Write out all the data again, exactly as shown.

Start of Block

(* Let $\mathbb{C}$ be a regular category, $n$ a positive integer, and for each $i\in\{1,\dots,n\}$ let $\alpha_i':Q_i\to A$ and $\beta_i':Q_i\to B$ be regular epimorphisms and $a_i:A\to C_i$, $b_i:B\to C_i$ morphisms with $b_i\beta_i'=a_i\alpha_i'$. Then there exist an object $Q$, a regular epimorphism $\alpha:Q\to A$ and regular epimorphisms $\beta_i:Q\to B$ ($i=1,\dots,n$) such that $b_i\beta_i=a_i\alpha$ for every $i\in\{1,\dots,n\}$.
   Context: A category is regular if it has finite limits and coequalizers of kernel pairs and regular epimorphisms are stable under pullback. *)

theory Defs
  imports Main
begin

text \<open>A (locally small, set-based) category: objects of type 'o, arrows of type 'a.
  comp g f denotes the composite "g after f" (defined when cod f = dom g).\<close>

record ('o, 'a) category =
  Ob :: "'o set"
  Ar :: "'a set"
  dom :: "'a \<Rightarrow> 'o"
  cod :: "'a \<Rightarrow> 'o"
  ident :: "'o \<Rightarrow> 'a"
  comp :: "'a \<Rightarrow> 'a \<Rightarrow> 'a"

definition hom :: "('o, 'a) category \<Rightarrow> 'o \<Rightarrow> 'o \<Rightarrow> 'a set" where
  "hom C x y = {f \<in> Ar C. dom C f = x \<and> cod C f = y}"

definition is_category :: "('o, 'a) category \<Rightarrow> bool" where
  "is_category C \<longleftrightarrow>
     (\<forall>f \<in> Ar C. dom C f \<in> Ob C \<and> cod C f \<in> Ob C) \<and>
     (\<forall>x \<in> Ob C. ident C x \<in> hom C x x) \<and>
     (\<forall>x \<in> Ob C. \<forall>y \<in> Ob C. \<forall>z \<in> Ob C. \<forall>f \<in> hom C x y. \<forall>g \<in> hom C y z.
        comp C g f \<in> hom C x z) \<and>
     (\<forall>f \<in> Ar C. comp C (ident C (cod C f)) f = f \<and> comp C f (ident C (dom C f)) = f) \<and>
     (\<forall>f \<in> Ar C. \<forall>g \<in> Ar C. \<forall>h \<in> Ar C. cod C f = dom C g \<longrightarrow> cod C g = dom C h \<longrightarrow>
        comp C h (comp C g f) = comp C (comp C h g) f)"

End of Block

(Exercise solution):
(* Let $\mathbb{C}$ be a regular category, $n$ a positive integer, and for each $i\in\{1,\dots,n\}$ let $\alpha_i':Q_i\to A$ and $\beta_i':Q_i\to B$ be regular epimorphisms and $a_i:A\to C_i$, $b_i:B\to C_i$ morphisms with $b_i\beta_i'=a_i\alpha_i'$. Then there exist an object $Q$, a regular epimorphism $\alpha:Q\to A$ and regular epimorphisms $\beta_i:Q\to B$ ($i=1,\dots,n$) such that $b_i\beta_i=a_i\alpha$ for every $i\in\{1,\dots,n\}$.
   Context: A category is regular if it has finite limits and coequalizers of kernel pairs and regular epimorphisms are stable under pullback. *)

theory Defs
  imports Main
begin

text \<open>A (locally small, set-based) category: objects of type 'o, arrows of type 'a.
  comp g f denotes the composite "g after f" (defined when cod f = dom g).\<close>

record ('o, 'a) category =
  Ob :: "'o set"
  Ar :: "'a set"
  dom :: "'a \<Rightarrow> 'o"
  cod :: "'a \<Rightarrow> 'o"
  ident :: "'o \<Rightarrow> 'a"
  comp :: "'a \<Rightarrow> 'a \<Rightarrow> 'a"

definition hom :: "('o, 'a) category \<Rightarrow> 'o \<Rightarrow> 'o \<Rightarrow> 'a set" where
  "hom C x y = {f \<in> Ar C. dom C f = x \<and> cod C f = y}"

definition is_category :: "('o, 'a) category \<Rightarrow> bool" where
  "is_category C \<longleftrightarrow>
     (\<forall>f \<in> Ar C. dom C f \<in> Ob C \<and> cod C f \<in> Ob C) \<and>
     (\<forall>x \<in> Ob C. ident C x \<in> hom C x x) \<and>
     (\<forall>x \<in> Ob C. \<forall>y \<in> Ob C. \<forall>z \<in> Ob C. \<forall>f \<in> hom C x y. \<forall>g \<in> hom C y z.
        comp C g f \<in> hom C x z) \<and>
     (\<forall>f \<in> Ar C. comp C (ident C (cod C f)) f = f \<and> comp C f (ident C (dom C f)) = f) \<and>
     (\<forall>f \<in> Ar C. \<forall>g \<in> Ar C. \<forall>h \<in> Ar C. cod C f = dom C g \<longrightarrow> cod C g = dom C h \<longrightarrow>
        comp C h (comp C g f) = comp C (comp C h g) f)"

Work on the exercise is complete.